Anywhere it says 'address', any name from the data section or symbol table should be permitted in its place as well.
| Instruction | Arguments | Notes |
|---|---|---|
| nop | none | does nothing. |
| li | dst ra, 16 bit constant | set the lower 16 bits of given register ra to a 16 bit constant. |
| lui | dst ra, 16 bit constant | set the upper 16 bits of given register ra to a 16 bit constant. |
| lwa | dst ra, 16 bit address | load a 32 bit word to ra from a constant memory address |
| lvr | dst ra, src rb, 8 bit constant N | load an N-byte chunk (values 1, 2, and 4 are defined behavior) to ra from a memory address stored in rb |
| lwr | dst ra, src rb | load a 32 bit word to ra from a memory address stored in rb |
| swa | dst ra, 16 bit address | stores a 32 bit word from ra to a constant memory address |
| svr | dst ra, adr rb, 8 bit constant N | stores an N-byte chunk (values 1, 2, and 4 are defined behavior) to a memory address stored in rb, from ra |
| swr | dst ra, adr rb | load a 32 bit word from ra to a memory address stored in rb |
| mov | dst ra, src rb | copy the value from rb into ra |
| add | dst ra, arg rb, arg rc | ra = rb + rc |
| sub | dst ra, arg rb, arg rc | ra = rb - rc |
| mul | dst ra, arg rb, arg rc | ra = rb * rc |
| div | dst ra, arg rb, arg rc | ra = rb / rc |
| mod | dst ra, arg rb, arg rc | ra = rb % rc |
| and | dst ra, arg rb, arg rc | ra = rb & rc |
| or | dst ra, arg rb, arg rc | ra = rb | rc |
| xor | dst ra, arg rb, arg rc | ra = rb ^ rc |
| not | dst ra, src rb | ra = ~rb |
| shl | dst ra, arg rb, arg rc | ra = rb << rc |
| shr | dst ra, arg rb, arg rc | ra = rb >> rc |
| eq | dst ra, arg rb, arg rc | ra = 1 if rb == rc, ra = 0 if not |
| neq | dst ra, arg rb, arg rc | ra = 1 if rb != rc, ra = 0 if not |
| ltu | dst ra, arg rb, arg rc | ra = 1 if rb < rc, ra = 0 if not |
| lts | dst ra, arg rb, arg rc | ra = 1 if rb < rc, ra = 0 if not |
| lteu | dst ra, arg rb, arg rc | ra = 1 if rb <= rc, ra = 0 if not |
| ltes | dst ra, arg rb, arg rc | ra = 1 if rb <= rc, ra = 0 if not |
| jmp | 16 bit signed constant | relative to the next instruction, add signed constant to program counter |
| jmpz | arg ra, 16 bit signed constant | if ra == 0, relative to the next instruction, add signed constant to program counter |
| jmpnz | arg ra, 16 bit signed constant | if ra != 0, relative to the next instruction, add signed constant to program counter |
| mark | name | syntactic sugar. defines a call-able name for the next instruction in the program. |
| call | 24 bit address | set program counter to a given value, and push the address of the next instruction to the callstack. |
| kcall | 24 bit address | drop out of program and call a system function from the symbol table, defined by runtime implementation. consider at least r0 clobbered after this, and be wary of accessing pre-call values |
| ret | none | pop the callstack, program counter returns to pre-call function |
| halt | none | stop the program entirely |
Bytecode has 32 bit instructions, in format [opcode, data byte 1, data byte 2, data byte 3]. All data is LE, therefore a 24 bit integer 0xABCDEF would be stored as [opcode, EF, CD, AB]. This means, on little endian systems (pretty much every target this is intended for) a struct that describes an instruction should be formatted as such (this is pseudocode);
struct inst {
u8 data[3]
u8 opcode
}
If you somehow end up working with the bytecode itself, I assume you can read code and will end up browsing this project anyways. I'm not going to list every instruction here, because that would be a lot more typing than I'd like. Please see src/mbnwrite.cpp or src/mbnemu.cpp for reference.

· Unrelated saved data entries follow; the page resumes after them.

definition complement_edges :: "'a set \<Rightarrow> ('a \<Rightarrow> 'a \<Rightarrow> bool) \<Rightarrow> 'a \<Rightarrow> 'a \<Rightarrow> bool" where
  "complement_edges V E u v \<longleftrightarrow> u \<in> V \<and> v \<in> V \<and> u \<noteq> v \<and> \<not> E u v"

definition orthogonal_rep :: "'a set \<Rightarrow> ('a \<Rightarrow> 'a \<Rightarrow> bool) \<Rightarrow> ('a \<Rightarrow> real ^ 'n) \<Rightarrow> bool" where
  "orthogonal_rep V E \<phi> \<longleftrightarrow> (\<forall>v\<in>V. \<phi> v \<noteq> 0) \<and>
     (\<forall>u\<in>V. \<forall>v\<in>V. u \<noteq> v \<longrightarrow> (\<phi> u \<bullet> \<phi> v = 0 \<longleftrightarrow> \<not> E u v))"

definition pairwise_lin_indep :: "'a set \<Rightarrow> ('a \<Rightarrow> real ^ 'n) \<Rightarrow> bool" where
  "pairwise_lin_indep V \<phi> \<longleftrightarrow>
     (\<forall>u\<in>V. \<forall>v\<in>V. u \<noteq> v \<longrightarrow> \<phi> u \<noteq> \<phi> v \<and> independent {\<phi> u, \<phi> v})"

end

theory Submission
  imports Defs
begin

(* Orthogonality of vectors in R^3 encodes adjacency in G, and pairwise independence means
   nonvanishing cross products. The internal vertices of the ear have degree 2, so the
   representation of the complement of H can be extended one vertex at a time. A vertex with a
   single neighbour among the represented ones gets a vector in the plane orthogonal to that
   neighbour's vector; each of the finitely many unwanted orthogonalities or parallelisms is
   satisfied by at most one direction of that plane, so a generic choice avoids all of them.
   Attaching internal vertices this way from one end leaves three of them, x1 x2 x3 between
   a and b. Then x3 and x1 are attached generically to b and a, and x2 must get the cross
   product of their vectors; the genericity of the vector of x1 is strengthened so that this
   cross product is orthogonal to nothing else. *)

unbundle cross3_syntax

lemma cross_eq_0_iff_parallel:
  fixes x y :: "real^3"
  shows "x \<times> y = 0 \<longleftrightarrow> x = 0 \<or> (\<exists>k. y = k *\<^sub>R x)"
  by (metis cross_eq_0 collinear_lemma scale_zero_left)

lemma cross_commute_eq_0:
  fixes x y :: "real^3"
  shows "x \<times> y = 0 \<longleftrightarrow> y \<times> x = 0"
  by (metis cross_skew neg_equal_0_iff_equal)

lemma independent_pair_iff_cross_nonzero:
  fixes x y :: "real^3"
  assumes "x \<noteq> y"
  shows "independent {x, y} \<longleftrightarrow> x \<times> y \<noteq> 0"
proof -
  have "independent {x, y} \<longleftrightarrow> \<not> (y = 0 \<or> (\<exists>k. x = k *\<^sub>R y))"
    using assms by (auto simp: independent_insert span_singleton)
  also have "\<dots> \<longleftrightarrow> x \<times> y \<noteq> 0"
    by (metis cross_commute_eq_0 cross_eq_0_iff_parallel)
  finally show ?thesis .
qed

lemma orthogonal_to_nonparallel_pair_imp_parallel:
  fixes x y p w :: "real^3"
  assumes "x \<times> y \<noteq> 0" "p \<bullet> x = 0" "p \<bullet> y = 0" "w \<bullet> x = 0" "w \<bullet> y = 0"
  shows "p \<times> w = 0"
proof -
  have "p \<times> (x \<times> y) = 0" "w \<times> (x \<times> y) = 0"
    using Lagrange[of p x y] Lagrange[of w x y] assms by simp_all
  then obtain k l where "p = k *\<^sub>R (x \<times> y)" "w = l *\<^sub>R (x \<times> y)"
    using assms(1) by (metis cross_commute_eq_0 cross_eq_0_iff_parallel)
  then show ?thesis by (simp add: cross_mult_left cross_mult_right)
qed

lemma cross_cross_nonzero:
  fixes p c v :: "real^3"
  assumes "p \<bullet> c \<noteq> 0" "c \<times> v \<noteq> 0"
  shows "p \<times> (c \<times> v) \<noteq> 0"
proof
  assume "p \<times> (c \<times> v) = 0"
  then have "(p \<bullet> c) *\<^sub>R v = (p \<bullet> v) *\<^sub>R c"
    using Lagrange[of p c v] by simp
  then have "v = ((p \<bullet> v) / (p \<bullet> c)) *\<^sub>R c"
    using assms(1) by (metis divide_inverse_commute scaleR_scaleR
        real_vector.scale_left_imp_eq scaleR_one right_inverse)
  then show False
    using assms(2) by (metis cross_mult_right cross_refl scale_zero_right)
qed

lemma orthogonal_plane_basis:
  fixes p :: "real^3"
  assumes "p \<noteq> 0"
  obtains e1 e2 where "e1 \<bullet> p = 0" "e2 \<bullet> p = 0" "e1 \<times> e2 \<noteq> 0"
proof -
  obtain q where q: "p \<times> q \<noteq> 0"
    using cross_basis_nonzero[OF assms] by blast
  define e1 where "e1 = p \<times> q"
  have "e1 \<times> (p \<times> e1) = (e1 \<bullet> e1) *\<^sub>R p"
    using Lagrange[of e1 p e1] by (simp add: e1_def dot_cross_self inner_commute)
  then have "e1 \<times> (p \<times> e1) \<noteq> 0"
    using q assms by (simp add: e1_def)
  moreover have "e1 \<bullet> p = 0" "(p \<times> e1) \<bullet> p = 0"
    by (simp_all add: e1_def dot_cross_self inner_commute)
  ultimately show ?thesis using that by blast
qed

text \<open>Each condition then holds at no more than one point of a line in the plane that misses 0.\<close>
lemma avoid_conditions_in_orthogonal_plane:
  fixes p :: "real^3"
  assumes "p \<noteq> 0" and "finite \<Q>"
    and sparse: "\<And>Q x y. Q \<in> \<Q> \<Longrightarrow> x \<bullet> p = 0 \<Longrightarrow> y \<bullet> p = 0 \<Longrightarrow> x \<times> y \<noteq> 0 \<Longrightarrow>
      Q x \<Longrightarrow> Q y \<Longrightarrow> False"
  obtains x where "x \<bullet> p = 0" "x \<noteq> 0" "\<And>Q. Q \<in> \<Q> \<Longrightarrow> \<not> Q x"
proof -
  obtain e1 e2 where e: "e1 \<bullet> p = 0" "e2 \<bullet> p = 0" "e1 \<times> e2 \<noteq> 0"
    using orthogonal_plane_basis[OF assms(1)] by blast
  define X where "X t = e1 + t *\<^sub>R e2" for t :: real
  have X_orth: "X t \<bullet> p = 0" for t
    using e by (simp add: X_def inner_add_left)
  have "X t \<times> X s = (s - t) *\<^sub>R (e1 \<times> e2)" for t s
    using cross_skew[of e2 e1]
    by (simp add: X_def cross_add_left cross_add_right cross_mult_left cross_mult_right algebra_simps)
  then have X_nonparallel: "X t \<times> X s \<noteq> 0" if "t \<noteq> s" for t s
    using e(3) that by simp
  have X_nonzero: "X t \<noteq> 0" for t
    using X_nonparallel[of t "t + 1"] by auto
  have "finite {t. Q (X t)}" if "Q \<in> \<Q>" for Q
  proof (cases "\<exists>t. Q (X t)")
    case True
    then obtain t where "Q (X t)" by blast
    then have "{t. Q (X t)} \<subseteq> {t}"
      using sparse[OF \<open>Q \<in> \<Q>\<close> X_orth X_orth X_nonparallel] by blast
    then show ?thesis
      using finite_subset by blast
  qed simp
  then have "finite (\<Union>Q\<in>\<Q>. {t. Q (X t)})"
    using assms(2) by blast
  then obtain t where "t \<notin> (\<Union>Q\<in>\<Q>. {t. Q (X t)})"
    using ex_new_if_finite[OF infinite_UNIV_char_0] by blast
  then show ?thesis
    using that X_orth X_nonzero by blast
qed

lemma generic_orthogonal_vector:
  fixes p :: "real^3"
  assumes "p \<noteq> 0" "finite F" "\<And>w. w \<in> F \<Longrightarrow> p \<times> w \<noteq> 0" "finite G" "0 \<notin> G"
  obtains x where "x \<bullet> p = 0" "x \<noteq> 0" "\<And>w. w \<in> F \<Longrightarrow> x \<bullet> w \<noteq> 0"
    "\<And>v. v \<in> G \<Longrightarrow> x \<times> v \<noteq> 0"
proof -
  define \<Q> where "\<Q> = (\<lambda>w x. x \<bullet> w = 0) ` F \<union> (\<lambda>v x. x \<times> v = 0) ` G"
  have "finite \<Q>"
    using assms by (simp add: \<Q>_def)
  moreover have "False"
    if Q: "Q \<in> \<Q>" and xy: "x \<bullet> p = 0" "y \<bullet> p = 0" "x \<times> y \<noteq> 0" "Q x" "Q y" for Q x y
    using Q unfolding \<Q>_def
  proof (elim UnE imageE)
    fix w assume "w \<in> F" "Q = (\<lambda>x. x \<bullet> w = 0)"
    then show False
      using orthogonal_to_nonparallel_pair_imp_parallel[OF xy(3), of p w] xy assms(3)
      by (simp add: inner_commute)
  next
    fix v assume "v \<in> G" "Q = (\<lambda>x. x \<times> v = 0)"
    then obtain k l where "x = k *\<^sub>R v" "y = l *\<^sub>R v"
      using xy assms(5) by (metis cross_commute_eq_0 cross_eq_0_iff_parallel)
    then show False
      using xy(3) by (simp add: cross_mult_left cross_mult_right)
  qed
  ultimately obtain x where x: "x \<bullet> p = 0" "x \<noteq> 0" "\<And>Q. Q \<in> \<Q> \<Longrightarrow> \<not> Q x"
    using avoid_conditions_in_orthogonal_plane[OF assms(1)] by metis
  show ?thesis
  proof (rule that[OF x(1,2)])
    fix w assume "w \<in> F"
    then show "x \<bullet> w \<noteq> 0"
      using x(3) unfolding \<Q>_def by blast
  next
    fix v assume "v \<in> G"
    then show "x \<times> v \<noteq> 0"
      using x(3) unfolding \<Q>_def by blast
  qed
qed

text \<open>Orthogonality encodes adjacency in E, so this is an orthogonal representation of the
  complement of E in the paper's sense; pairwise independence is expressed by cross products.\<close>
definition indep_orth_rep :: "'a set \<Rightarrow> ('a \<Rightarrow> 'a \<Rightarrow> bool) \<Rightarrow> ('a \<Rightarrow> real^3) \<Rightarrow> bool" where
  "indep_orth_rep S E \<phi> \<longleftrightarrow> (\<forall>v\<in>S. \<phi> v \<noteq> 0) \<and>
     (\<forall>u\<in>S. \<forall>v\<in>S. u \<noteq> v \<longrightarrow> (\<phi> u \<bullet> \<phi> v = 0 \<longleftrightarrow> E u v) \<and> \<phi> u \<times> \<phi> v \<noteq> 0)"

lemma indep_orth_repD:
  assumes "indep_orth_rep S E \<phi>" "u \<in> S"
  shows "\<phi> u \<noteq> 0"
    and "v \<in> S \<Longrightarrow> u \<noteq> v \<Longrightarrow> \<phi> u \<bullet> \<phi> v = 0 \<longleftrightarrow> E u v"
    and "v \<in> S \<Longrightarrow> u \<noteq> v \<Longrightarrow> \<phi> u \<times> \<phi> v \<noteq> 0"
  using assms unfolding indep_orth_rep_def by blast+

lemma complement_rep_iff_indep_orth_rep:
  fixes \<phi> :: "'a \<Rightarrow> real^3"
  shows "orthogonal_rep V (complement_edges V E) \<phi> \<and> pairwise_lin_indep V \<phi> \<longleftrightarrow> indep_orth_rep V E \<phi>"
proof -
  have "(x \<noteq> y \<and> independent {x, y}) \<longleftrightarrow> x \<times> y \<noteq> 0" for x y :: "real^3"
    using independent_pair_iff_cross_nonzero by (cases "x = y") auto
  then show ?thesis
    unfolding orthogonal_rep_def pairwise_lin_indep_def complement_edges_def indep_orth_rep_def
    by auto
qed

lemma indep_orth_rep_induced_edges:
  "indep_orth_rep S (induced_edges E S) \<phi> \<longleftrightarrow> indep_orth_rep S E \<phi>"
  unfolding indep_orth_rep_def induced_edges_def by auto

lemma indep_orth_rep_cong:
  "(\<And>v. v \<in> S \<Longrightarrow> \<psi> v = \<phi> v) \<Longrightarrow> indep_orth_rep S E \<psi> \<longleftrightarrow> indep_orth_rep S E \<phi>"
  unfolding indep_orth_rep_def by simp

lemma indep_orth_rep_fun_upd:
  "x \<notin> S \<Longrightarrow> indep_orth_rep S E (\<phi>(x := y)) \<longleftrightarrow> indep_orth_rep S E \<phi>"
  by (rule indep_orth_rep_cong) auto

As previously noted, your implementation may define a power-of-two modulo on register addresses. The amount of registers you support certainly does not need to be 256, but I would argue limiting it to 32 is reasonable and 16 is aggressive, and may limit support. If you are developing a compiler for some language to run on membrane, please limit your register usage by default and consider emitting a warning if an expression somehow requires more than 128 registers to evalute.
I need to find time to write this section of the readme, however in the time being you may find src/mbnemu.cpp and src/mbnemu.h helpful.